I am experimenting with merging Astrophotography images in python. Currently I have the issue that when exporting an image with different libraries the image has a different color tone than the original. Imported image is in the .nef format.
The code:
import matplotlib.pyplot as plt
import numpy as np
import cv2
from scipy import misc
import rawpy
from PIL import Image
import imageio
raw=rawpy.imread("DSC_5817.NEF")
#raw=rawpy.imread("images/1/slika1.cr2")
rgb=raw.postprocess(no_auto_bright=True)
outfn=".tif"
img=Image.fromarray(rgb)
img.convert("RGB")
img.save("probaPIL"+outfn)
#
cv2.imwrite("progaCV2"+outfn, rgb)
misc.imsave("probaSCipi"+outfn, rgb)
#
imageio.imsave("probaIMAGEIO"+outfn, rgb)
plt.imsave("probaPLT.tif",rgb )
slika=plt.imread("probaPIL.tif")
Screnshot of the output (top middle image is original nef file)
OpenCV (cv2
) expects a different channel order (BGR) which is why the colours in that one are off compared to the rest.
In general there is no single way to postprocess a RAW camera image and the result depends often on personal preferences, e.g. white balance, brightness adjustments etc.

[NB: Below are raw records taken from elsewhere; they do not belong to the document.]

text \<open>The list of \<open>S\<close> is taken at the previous deadline; in the step to the next phase, \<open>S\<close> first
  catches up to the new deadline and then ALG acts.\<close>

lemma potential_bound:
  "e \<le> phases \<Longrightarrow> alg_cost e + 5 * card (inversions (alg_list e) (sched_list (events_before_phase e)))
     \<le> (\<Sum>e' < e. charge e') + 5 * swaps_before (events_before_phase e)"
proof (induction e)
  case 0
  then show ?case
    using alg_state_0 alg_state_eq[of 0] by (simp add: events_before_phase_def sched_list_0 inversions_self)
next
  case (Suc e)
  then have e: "e < phases"
    by simp
  have "events_before_phase e \<le> events_until e"
    using events_until_mono[of "e - 1" e] e by (simp add: events_before_phase_def)
  then have "card (inversions (alg_list e) (sched_list (events_until e))) + swaps_before (events_before_phase e)
      \<le> card (inversions (alg_list e) (sched_list (events_before_phase e))) + swaps_before (events_until e)"
    using card_inversions_sched_list_mono set_alg_list e by simp
  then have "real (card (inversions (alg_list e) (sched_list (events_until e)))) + swaps_before (events_before_phase e)
      \<le> card (inversions (alg_list e) (sched_list (events_before_phase e))) + swaps_before (events_until e)"
    by linarith
  moreover have "events_before_phase (Suc e) = events_until e"
    by (simp add: events_before_phase_def)
  ultimately show ?case
    using amortized_step[OF e] Suc e by simp
qed

lemma ALG_le_sum_charge: "ALG L0 rs \<le> (\<Sum>e < phases. charge e) + 5 * swaps_before (length S)"
  using potential_bound[of phases] swaps_before_le[of "events_before_phase phases"]
  by (simp add: ALG_eq_alg_cost)

section \<open>Charging the cost of the schedule\<close>

definition triggers :: "nat set" where
  "triggers = {e. e < phases \<and> is_trigger e}"

definition displacement :: "nat \<Rightarrow> nat set" where
  "displacement e = {q. serving_access e \<le> q \<and> q < events_until e \<and> moves_back q (trig_elem e)}"

lemma finite_triggers: "finite triggers"
  by (simp add: triggers_def)

lemma sum_charge_eq: "(\<Sum>e < phases. charge e) = (\<Sum>e \<in> triggers. charge e)"
proof -
  have "(\<Sum>e \<in> triggers. charge e) = (\<Sum>e < phases. if is_trigger e then charge e else 0)"
    unfolding triggers_def by (simp add: sum.inter_filter[symmetric] Collect_conj_eq lessThan_def Int_commute)
  also have "\<dots> = (\<Sum>e < phases. charge e)"
    by (rule sum.cong) (auto simp: charge_def)
  finally show ?thesis ..
qed

lemma charge_le:
  assumes "e \<in> triggers"
  shows "charge e \<le> amortized_bound (access_depth (serving_access e)) (trig_pos e) + 10 * card (displacement e)"
proof -
  have e: "e < phases" "is_trigger e"
    using assms by (auto simp: triggers_def)
  have "pos (sched_list (events_until e)) (trig_elem e)
      \<le> pos (sched_list (serving_access e)) (trig_elem e) + card (displacement e)"
    using pos_sched_list_mono[OF trig_elem_in_L0[OF e]] serving_access_less_events_until[OF e]
    by (simp add: displacement_def less_imp_le)
  also have "\<dots> \<le> access_depth (serving_access e) + card (displacement e)"
    using pos_trig_elem_le_access_depth[OF e] by simp
  finally show ?thesis
    using e amortized_bound_le_add by (simp add: charge_def)
qed

lemma displacement_disjoint:
  assumes "e \<in> triggers" "e' \<in> triggers" "e < e'"
  shows "displacement e \<inter> displacement e' = {}"
proof (rule ccontr)
  assume "displacement e \<inter> displacement e' \<noteq> {}"
  then obtain q where q: "q \<in> displacement e" "q \<in> displacement e'"
    by blast
  have t: "e < phases" "is_trigger e" "e' < phases" "is_trigger e'"
    using assms by (auto simp: triggers_def)
  have "trig_elem e = trig_elem e'"
    using q by (auto simp: displacement_def moves_back_def)
  then have "phase_time e < arr (rs ! trig_req e')"
    using trig_windows_disjoint assms t by simp
  also have "\<dots> \<le> fst (S ! serving_access e')"
    using arr_le_serving_time[OF t(3,4)] .
  also have "\<dots> \<le> fst (S ! q)"
    using q sorted_nth_mono[OF sorted_schedule] less_events_until_iff[of q e]
    by (auto simp: displacement_def)
  also have "\<dots> \<le> phase_time e"
    using q less_events_until_iff[of q e] by (simp add: displacement_def)
  finally show False
    by simp
qed

lemma sum_card_displacement_le: "(\<Sum>e \<in> triggers. card (displacement e)) \<le> swaps_before (length S)"
proof -
  have "\<forall>e \<in> triggers. finite (displacement e)"
    by (simp add: displacement_def)
  moreover have "\<forall>e \<in> triggers. \<forall>e' \<in> triggers. e \<noteq> e' \<longrightarrow> displacement e \<inter> displacement e' = {}"
    using displacement_disjoint by (metis Int_commute linorder_neqE_nat)
  ultimately have "(\<Sum>e \<in> triggers. card (displacement e)) = card (\<Union>e \<in> triggers. displacement e)"
    by (rule card_UN_disjoint[OF finite_triggers, symmetric])
  also have "\<dots> \<le> card {r. r < length S \<and> is_swap r}"
    by (rule card_mono) (auto simp: displacement_def moves_back_def is_swap_def)
  finally show ?thesis
    by (simp add: swaps_before_def)
qed

lemma sum_amortized_bound_le_depth:
  "(\<Sum>e \<in> triggers. amortized_bound (access_depth (serving_access e)) (trig_pos e))
     \<le> 24 * (\<Sum>q < length S. access_depth q)"
proof -
  let ?group = "\<lambda>q. {e \<in> triggers. serving_access e = q}"
  have "serving_access ` triggers \<subseteq> {..<length S}"
    using serving_access_less by (auto simp: triggers_def)
  then have "(\<Sum>e \<in> triggers. amortized_bound (access_depth (serving_access e)) (trig_pos e))
      = (\<Sum>q < length S. \<Sum>e \<in> ?group q. amortized_bound (access_depth (serving_access e)) (trig_pos e))"
    using sum.group[OF finite_triggers finite_lessThan, where g = serving_access
        and h = "\<lambda>e. amortized_bound (access_depth (serving_access e)) (trig_pos e)"]
    by simp
  also have "\<dots> = (\<Sum>q < length S. \<Sum>e \<in> ?group q. amortized_bound (access_depth q) (trig_pos e))"
    by (intro sum.cong) auto
  also have "\<dots> \<le> (\<Sum>q < length S. 24 * real (access_depth q))"
  proof (rule sum_mono, rule sum_amortized_bound_doubling)
    fix q e e' assume "e \<in> ?group q" "e' \<in> ?group q" "e < e'"
    then have t: "e < phases" "is_trigger e" "e' < phases" "is_trigger e'"
      and "serving_access e = q" "serving_access e' = q"
      by (auto simp: triggers_def)
    then have "arr (rs ! trig_req e') \<le> phase_time e"
      using arr_le_serving_time[OF t(3,4)] serving_time_le[OF t(1,2)] by simp
    then have "2 * trig_pos e \<le> trig_pos e'"
      using trig_pos_doubling \<open>e < e'\<close> t by simp
    then show "2 * real (trig_pos e) \<le> real (trig_pos e')"
      by linarith
  qed (simp_all add: finite_triggers)
  finally show ?thesis
    by (simp add: sum_distrib_left)
qed

lemma sched_cost_eq: "sched_cost S = (\<Sum>q < length S. access_depth q) + swaps_before (length S)"
proof -
  have "sched_cost S = (\<Sum>q < length S. access_depth q + (if is_swap q then 1 else 0))"
    unfolding sched_cost_def sum_list_sum_nth atLeast0LessThan
    by (rule sum.cong) (auto simp: access_depth_def is_swap_def split: action.split)
  also have "\<dots> = (\<Sum>q < length S. access_depth q) + card {q \<in> {..<length S}. is_swap q}"
    by (simp add: sum.distrib sum.inter_filter[symmetric])
  also have "{q \<in> {..<length S}. is_swap q} = {q. q < length S \<and> is_swap q}"
    by auto
  finally show ?thesis
    by (simp add: swaps_before_def)
qed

What you refer to as "original" in the top middle column is just another postprocessed variant created probably by some Nikon driver which is more aware of certain metadata in the RAW image file and tries to give you something which you "expect". rawpy
(or rather, the underlying libraw
library) does not replicate the exact behaviour of manufacturer postprocessing, because that's more or less a trade secret.
For astrophotography you're probably good with a grayscale image anyway, but it really depends on your use case and what you want to achieve.